Assigned task: Retype the records below from their first line through the line containing "[((1,0), PC 1), ((1,1), PM", and include nothing else.
--- Excerpted data ---
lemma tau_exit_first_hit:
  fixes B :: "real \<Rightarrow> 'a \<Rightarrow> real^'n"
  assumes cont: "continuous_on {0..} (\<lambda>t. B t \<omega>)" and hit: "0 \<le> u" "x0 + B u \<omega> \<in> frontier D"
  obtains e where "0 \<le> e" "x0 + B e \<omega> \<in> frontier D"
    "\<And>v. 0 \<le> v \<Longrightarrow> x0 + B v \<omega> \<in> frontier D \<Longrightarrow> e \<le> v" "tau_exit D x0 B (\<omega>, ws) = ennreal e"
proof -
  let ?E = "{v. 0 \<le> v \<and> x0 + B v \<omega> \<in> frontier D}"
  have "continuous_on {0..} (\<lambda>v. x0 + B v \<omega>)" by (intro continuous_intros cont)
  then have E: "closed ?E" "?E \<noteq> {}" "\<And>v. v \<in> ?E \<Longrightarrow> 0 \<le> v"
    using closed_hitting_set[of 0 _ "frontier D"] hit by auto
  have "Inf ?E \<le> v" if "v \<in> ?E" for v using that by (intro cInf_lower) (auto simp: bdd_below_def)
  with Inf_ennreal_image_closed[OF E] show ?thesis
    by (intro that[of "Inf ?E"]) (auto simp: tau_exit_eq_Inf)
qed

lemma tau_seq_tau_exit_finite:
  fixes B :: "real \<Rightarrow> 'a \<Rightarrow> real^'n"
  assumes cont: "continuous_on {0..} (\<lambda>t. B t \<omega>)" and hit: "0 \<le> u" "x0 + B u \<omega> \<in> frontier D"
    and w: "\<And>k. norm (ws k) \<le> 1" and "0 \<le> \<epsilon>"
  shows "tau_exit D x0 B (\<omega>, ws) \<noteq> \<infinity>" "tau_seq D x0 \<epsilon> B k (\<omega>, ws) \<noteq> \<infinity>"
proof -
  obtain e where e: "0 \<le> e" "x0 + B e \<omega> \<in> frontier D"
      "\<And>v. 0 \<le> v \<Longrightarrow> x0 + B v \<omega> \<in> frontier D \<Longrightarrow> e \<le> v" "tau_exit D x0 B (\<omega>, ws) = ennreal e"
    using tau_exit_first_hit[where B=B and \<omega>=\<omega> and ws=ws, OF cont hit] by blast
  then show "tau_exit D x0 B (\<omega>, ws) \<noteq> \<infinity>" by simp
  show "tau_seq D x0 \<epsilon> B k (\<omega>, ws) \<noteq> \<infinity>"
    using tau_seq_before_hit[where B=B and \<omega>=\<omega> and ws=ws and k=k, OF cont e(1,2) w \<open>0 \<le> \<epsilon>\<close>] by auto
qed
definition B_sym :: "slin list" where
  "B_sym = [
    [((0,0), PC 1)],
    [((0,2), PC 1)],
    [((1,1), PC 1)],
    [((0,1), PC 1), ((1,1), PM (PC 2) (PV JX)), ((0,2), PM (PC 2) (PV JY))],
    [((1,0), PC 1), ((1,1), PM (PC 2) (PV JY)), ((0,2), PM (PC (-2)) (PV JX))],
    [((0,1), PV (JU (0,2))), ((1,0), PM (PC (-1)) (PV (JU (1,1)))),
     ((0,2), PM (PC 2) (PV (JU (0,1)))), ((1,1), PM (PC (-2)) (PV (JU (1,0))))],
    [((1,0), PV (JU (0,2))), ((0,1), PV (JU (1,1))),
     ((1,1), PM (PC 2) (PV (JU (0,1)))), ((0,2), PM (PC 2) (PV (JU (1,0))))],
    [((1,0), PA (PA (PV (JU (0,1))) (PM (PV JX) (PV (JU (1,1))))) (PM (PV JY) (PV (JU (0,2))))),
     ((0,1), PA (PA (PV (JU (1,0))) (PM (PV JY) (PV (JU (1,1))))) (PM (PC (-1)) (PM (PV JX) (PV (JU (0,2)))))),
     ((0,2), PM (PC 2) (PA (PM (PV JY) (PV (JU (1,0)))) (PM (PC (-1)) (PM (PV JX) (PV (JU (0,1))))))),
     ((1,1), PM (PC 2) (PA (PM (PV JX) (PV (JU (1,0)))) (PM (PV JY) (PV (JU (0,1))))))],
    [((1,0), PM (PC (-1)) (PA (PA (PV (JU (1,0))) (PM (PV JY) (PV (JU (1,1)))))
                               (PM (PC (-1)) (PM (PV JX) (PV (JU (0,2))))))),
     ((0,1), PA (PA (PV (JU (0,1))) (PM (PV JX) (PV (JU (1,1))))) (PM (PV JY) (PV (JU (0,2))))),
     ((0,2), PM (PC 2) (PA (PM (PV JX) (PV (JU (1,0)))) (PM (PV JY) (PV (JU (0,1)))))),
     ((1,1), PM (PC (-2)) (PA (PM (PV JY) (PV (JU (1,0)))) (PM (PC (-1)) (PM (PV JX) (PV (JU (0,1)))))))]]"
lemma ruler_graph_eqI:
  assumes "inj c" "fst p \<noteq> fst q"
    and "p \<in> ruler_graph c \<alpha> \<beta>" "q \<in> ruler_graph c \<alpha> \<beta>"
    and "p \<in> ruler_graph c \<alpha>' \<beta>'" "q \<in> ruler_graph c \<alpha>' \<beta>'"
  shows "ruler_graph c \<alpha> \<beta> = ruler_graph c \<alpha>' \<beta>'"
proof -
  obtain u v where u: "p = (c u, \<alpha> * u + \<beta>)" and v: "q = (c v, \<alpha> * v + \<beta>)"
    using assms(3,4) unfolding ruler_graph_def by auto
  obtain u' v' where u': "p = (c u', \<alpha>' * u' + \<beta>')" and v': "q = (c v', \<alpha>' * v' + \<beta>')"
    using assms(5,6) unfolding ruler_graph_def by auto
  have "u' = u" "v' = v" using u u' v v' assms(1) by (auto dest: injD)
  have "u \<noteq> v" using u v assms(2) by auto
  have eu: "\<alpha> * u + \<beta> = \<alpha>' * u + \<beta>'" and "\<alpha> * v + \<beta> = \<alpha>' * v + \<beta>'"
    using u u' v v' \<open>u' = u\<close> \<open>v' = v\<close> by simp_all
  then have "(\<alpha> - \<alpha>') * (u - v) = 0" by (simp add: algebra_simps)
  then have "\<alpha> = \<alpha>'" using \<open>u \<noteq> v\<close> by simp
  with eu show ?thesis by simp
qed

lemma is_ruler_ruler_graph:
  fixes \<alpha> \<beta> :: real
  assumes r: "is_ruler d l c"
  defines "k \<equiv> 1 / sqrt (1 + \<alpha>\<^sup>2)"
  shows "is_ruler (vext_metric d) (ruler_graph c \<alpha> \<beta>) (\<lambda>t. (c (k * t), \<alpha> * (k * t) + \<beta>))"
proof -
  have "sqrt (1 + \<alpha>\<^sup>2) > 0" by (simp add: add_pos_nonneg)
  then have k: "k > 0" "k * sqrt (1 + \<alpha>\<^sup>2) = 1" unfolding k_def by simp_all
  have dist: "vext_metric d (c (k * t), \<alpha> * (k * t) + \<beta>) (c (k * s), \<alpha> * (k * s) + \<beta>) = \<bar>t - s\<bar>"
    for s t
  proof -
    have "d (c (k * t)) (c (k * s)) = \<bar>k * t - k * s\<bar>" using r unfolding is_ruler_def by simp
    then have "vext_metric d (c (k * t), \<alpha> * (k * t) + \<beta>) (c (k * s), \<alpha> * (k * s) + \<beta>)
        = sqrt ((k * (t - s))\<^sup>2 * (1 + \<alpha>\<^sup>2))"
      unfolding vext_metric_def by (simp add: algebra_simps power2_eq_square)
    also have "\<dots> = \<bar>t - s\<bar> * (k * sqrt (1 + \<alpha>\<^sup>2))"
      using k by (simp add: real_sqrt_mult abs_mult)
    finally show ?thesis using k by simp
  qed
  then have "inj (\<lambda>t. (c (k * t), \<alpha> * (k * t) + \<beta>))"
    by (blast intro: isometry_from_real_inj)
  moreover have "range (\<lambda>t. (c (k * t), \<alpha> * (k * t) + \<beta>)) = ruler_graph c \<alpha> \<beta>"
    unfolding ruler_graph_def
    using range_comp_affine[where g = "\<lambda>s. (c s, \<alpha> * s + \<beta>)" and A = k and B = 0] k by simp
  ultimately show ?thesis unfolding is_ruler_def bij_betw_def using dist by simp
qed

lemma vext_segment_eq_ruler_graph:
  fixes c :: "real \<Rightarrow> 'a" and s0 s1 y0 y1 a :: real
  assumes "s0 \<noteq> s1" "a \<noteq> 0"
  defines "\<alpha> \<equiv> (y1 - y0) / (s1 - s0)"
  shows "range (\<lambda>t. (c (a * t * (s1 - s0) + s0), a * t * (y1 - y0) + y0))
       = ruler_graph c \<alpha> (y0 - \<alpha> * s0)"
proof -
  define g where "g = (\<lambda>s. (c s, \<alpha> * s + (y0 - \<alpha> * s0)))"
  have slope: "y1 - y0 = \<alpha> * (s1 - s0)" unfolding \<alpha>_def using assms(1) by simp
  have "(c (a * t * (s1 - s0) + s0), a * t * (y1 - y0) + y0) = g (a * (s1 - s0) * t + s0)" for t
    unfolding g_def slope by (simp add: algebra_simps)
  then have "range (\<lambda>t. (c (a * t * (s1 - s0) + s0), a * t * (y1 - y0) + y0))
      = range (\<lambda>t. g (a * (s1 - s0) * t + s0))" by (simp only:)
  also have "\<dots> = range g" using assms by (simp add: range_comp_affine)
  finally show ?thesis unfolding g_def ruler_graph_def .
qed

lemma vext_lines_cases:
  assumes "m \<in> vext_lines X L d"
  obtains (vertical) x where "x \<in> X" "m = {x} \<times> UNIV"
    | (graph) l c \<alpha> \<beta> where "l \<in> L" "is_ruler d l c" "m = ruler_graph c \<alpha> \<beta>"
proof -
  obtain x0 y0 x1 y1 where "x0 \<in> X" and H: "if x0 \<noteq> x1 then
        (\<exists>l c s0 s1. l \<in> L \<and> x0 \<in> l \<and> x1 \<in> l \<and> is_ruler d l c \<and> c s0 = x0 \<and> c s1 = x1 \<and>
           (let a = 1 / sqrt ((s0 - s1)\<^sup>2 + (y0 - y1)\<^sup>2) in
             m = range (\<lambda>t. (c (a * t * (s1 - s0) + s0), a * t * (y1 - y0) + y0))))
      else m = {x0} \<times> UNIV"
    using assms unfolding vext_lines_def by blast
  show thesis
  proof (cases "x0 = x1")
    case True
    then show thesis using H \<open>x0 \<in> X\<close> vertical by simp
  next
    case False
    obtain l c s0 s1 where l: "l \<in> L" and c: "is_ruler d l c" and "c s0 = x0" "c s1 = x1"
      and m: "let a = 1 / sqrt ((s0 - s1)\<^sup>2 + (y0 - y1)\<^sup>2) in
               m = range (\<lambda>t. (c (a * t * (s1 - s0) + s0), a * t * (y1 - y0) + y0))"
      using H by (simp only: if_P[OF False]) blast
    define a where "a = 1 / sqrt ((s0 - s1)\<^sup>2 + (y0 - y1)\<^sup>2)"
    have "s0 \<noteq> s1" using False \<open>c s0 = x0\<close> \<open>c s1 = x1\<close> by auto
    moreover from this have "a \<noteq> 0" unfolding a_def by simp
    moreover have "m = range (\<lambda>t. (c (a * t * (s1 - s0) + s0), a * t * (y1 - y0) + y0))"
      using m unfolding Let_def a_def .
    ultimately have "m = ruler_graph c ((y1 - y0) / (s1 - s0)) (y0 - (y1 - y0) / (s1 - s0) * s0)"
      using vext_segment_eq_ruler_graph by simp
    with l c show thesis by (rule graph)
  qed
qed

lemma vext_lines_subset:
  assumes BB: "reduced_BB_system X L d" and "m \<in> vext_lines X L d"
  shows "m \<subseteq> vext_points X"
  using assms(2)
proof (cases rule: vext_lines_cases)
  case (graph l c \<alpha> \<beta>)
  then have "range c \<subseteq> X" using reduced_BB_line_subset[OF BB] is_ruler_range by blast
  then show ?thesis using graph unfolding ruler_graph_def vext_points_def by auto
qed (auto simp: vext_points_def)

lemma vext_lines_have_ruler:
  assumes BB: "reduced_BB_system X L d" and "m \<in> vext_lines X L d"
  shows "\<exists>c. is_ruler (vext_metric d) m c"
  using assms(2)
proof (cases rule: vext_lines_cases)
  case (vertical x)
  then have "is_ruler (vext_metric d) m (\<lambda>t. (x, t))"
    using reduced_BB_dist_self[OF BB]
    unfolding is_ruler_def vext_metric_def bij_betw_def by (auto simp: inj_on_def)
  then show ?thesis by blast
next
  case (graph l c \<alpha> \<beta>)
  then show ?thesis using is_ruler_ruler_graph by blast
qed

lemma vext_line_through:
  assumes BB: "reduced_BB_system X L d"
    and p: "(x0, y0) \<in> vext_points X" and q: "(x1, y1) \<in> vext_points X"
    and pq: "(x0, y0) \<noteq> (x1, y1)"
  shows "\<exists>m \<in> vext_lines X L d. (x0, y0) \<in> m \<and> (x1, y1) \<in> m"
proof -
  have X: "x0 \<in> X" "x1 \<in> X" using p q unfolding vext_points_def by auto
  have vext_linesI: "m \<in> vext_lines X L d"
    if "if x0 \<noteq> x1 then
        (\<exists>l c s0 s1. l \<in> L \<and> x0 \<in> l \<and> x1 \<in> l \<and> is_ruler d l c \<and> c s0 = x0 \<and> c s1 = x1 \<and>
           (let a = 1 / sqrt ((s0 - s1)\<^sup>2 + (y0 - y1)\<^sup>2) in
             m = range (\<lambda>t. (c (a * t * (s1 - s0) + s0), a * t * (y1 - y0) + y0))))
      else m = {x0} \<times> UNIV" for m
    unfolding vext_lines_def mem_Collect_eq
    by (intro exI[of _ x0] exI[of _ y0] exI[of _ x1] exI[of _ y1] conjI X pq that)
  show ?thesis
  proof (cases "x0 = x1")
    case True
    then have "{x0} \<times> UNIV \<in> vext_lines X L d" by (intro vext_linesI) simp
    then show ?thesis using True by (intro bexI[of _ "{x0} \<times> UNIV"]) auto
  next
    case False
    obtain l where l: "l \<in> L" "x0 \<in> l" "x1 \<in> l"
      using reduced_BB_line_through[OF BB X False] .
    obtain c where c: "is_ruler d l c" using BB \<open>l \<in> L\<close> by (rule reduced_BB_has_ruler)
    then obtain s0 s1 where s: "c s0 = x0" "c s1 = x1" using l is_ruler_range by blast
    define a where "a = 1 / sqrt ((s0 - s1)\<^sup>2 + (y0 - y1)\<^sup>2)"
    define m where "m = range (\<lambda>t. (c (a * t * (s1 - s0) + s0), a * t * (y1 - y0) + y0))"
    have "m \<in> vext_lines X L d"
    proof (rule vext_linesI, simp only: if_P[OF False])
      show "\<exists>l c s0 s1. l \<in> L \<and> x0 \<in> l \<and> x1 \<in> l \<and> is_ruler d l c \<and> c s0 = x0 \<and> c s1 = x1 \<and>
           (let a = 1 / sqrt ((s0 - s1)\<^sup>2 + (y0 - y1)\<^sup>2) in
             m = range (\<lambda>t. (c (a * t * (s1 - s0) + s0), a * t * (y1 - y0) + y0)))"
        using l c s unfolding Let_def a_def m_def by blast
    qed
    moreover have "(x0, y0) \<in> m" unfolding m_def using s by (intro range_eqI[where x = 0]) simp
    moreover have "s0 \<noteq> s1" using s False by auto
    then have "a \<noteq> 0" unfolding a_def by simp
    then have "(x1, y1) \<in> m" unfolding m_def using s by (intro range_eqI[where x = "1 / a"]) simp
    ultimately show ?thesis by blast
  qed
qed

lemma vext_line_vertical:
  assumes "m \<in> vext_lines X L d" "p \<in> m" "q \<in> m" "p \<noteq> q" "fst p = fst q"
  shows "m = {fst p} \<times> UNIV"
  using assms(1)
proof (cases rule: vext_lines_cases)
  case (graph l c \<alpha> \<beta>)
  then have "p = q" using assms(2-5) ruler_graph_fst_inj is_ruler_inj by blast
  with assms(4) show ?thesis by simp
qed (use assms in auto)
---
Answer for this exercise:
lemma tau_exit_first_hit:
  fixes B :: "real \<Rightarrow> 'a \<Rightarrow> real^'n"
  assumes cont: "continuous_on {0..} (\<lambda>t. B t \<omega>)" and hit: "0 \<le> u" "x0 + B u \<omega> \<in> frontier D"
  obtains e where "0 \<le> e" "x0 + B e \<omega> \<in> frontier D"
    "\<And>v. 0 \<le> v \<Longrightarrow> x0 + B v \<omega> \<in> frontier D \<Longrightarrow> e \<le> v" "tau_exit D x0 B (\<omega>, ws) = ennreal e"
proof -
  let ?E = "{v. 0 \<le> v \<and> x0 + B v \<omega> \<in> frontier D}"
  have "continuous_on {0..} (\<lambda>v. x0 + B v \<omega>)" by (intro continuous_intros cont)
  then have E: "closed ?E" "?E \<noteq> {}" "\<And>v. v \<in> ?E \<Longrightarrow> 0 \<le> v"
    using closed_hitting_set[of 0 _ "frontier D"] hit by auto
  have "Inf ?E \<le> v" if "v \<in> ?E" for v using that by (intro cInf_lower) (auto simp: bdd_below_def)
  with Inf_ennreal_image_closed[OF E] show ?thesis
    by (intro that[of "Inf ?E"]) (auto simp: tau_exit_eq_Inf)
qed

lemma tau_seq_tau_exit_finite:
  fixes B :: "real \<Rightarrow> 'a \<Rightarrow> real^'n"
  assumes cont: "continuous_on {0..} (\<lambda>t. B t \<omega>)" and hit: "0 \<le> u" "x0 + B u \<omega> \<in> frontier D"
    and w: "\<And>k. norm (ws k) \<le> 1" and "0 \<le> \<epsilon>"
  shows "tau_exit D x0 B (\<omega>, ws) \<noteq> \<infinity>" "tau_seq D x0 \<epsilon> B k (\<omega>, ws) \<noteq> \<infinity>"
proof -
  obtain e where e: "0 \<le> e" "x0 + B e \<omega> \<in> frontier D"
      "\<And>v. 0 \<le> v \<Longrightarrow> x0 + B v \<omega> \<in> frontier D \<Longrightarrow> e \<le> v" "tau_exit D x0 B (\<omega>, ws) = ennreal e"
    using tau_exit_first_hit[where B=B and \<omega>=\<omega> and ws=ws, OF cont hit] by blast
  then show "tau_exit D x0 B (\<omega>, ws) \<noteq> \<infinity>" by simp
  show "tau_seq D x0 \<epsilon> B k (\<omega>, ws) \<noteq> \<infinity>"
    using tau_seq_before_hit[where B=B and \<omega>=\<omega> and ws=ws and k=k, OF cont e(1,2) w \<open>0 \<le> \<epsilon>\<close>] by auto
qed
definition B_sym :: "slin list" where
  "B_sym = [
    [((0,0), PC 1)],
    [((0,2), PC 1)],
    [((1,1), PC 1)],
    [((0,1), PC 1), ((1,1), PM (PC 2) (PV JX)), ((0,2), PM (PC 2) (PV JY))],
    [((1,0), PC 1), ((1,1), PM (PC 2) (PV JY)), ((0,2), PM (PC (-2)) (PV JX))],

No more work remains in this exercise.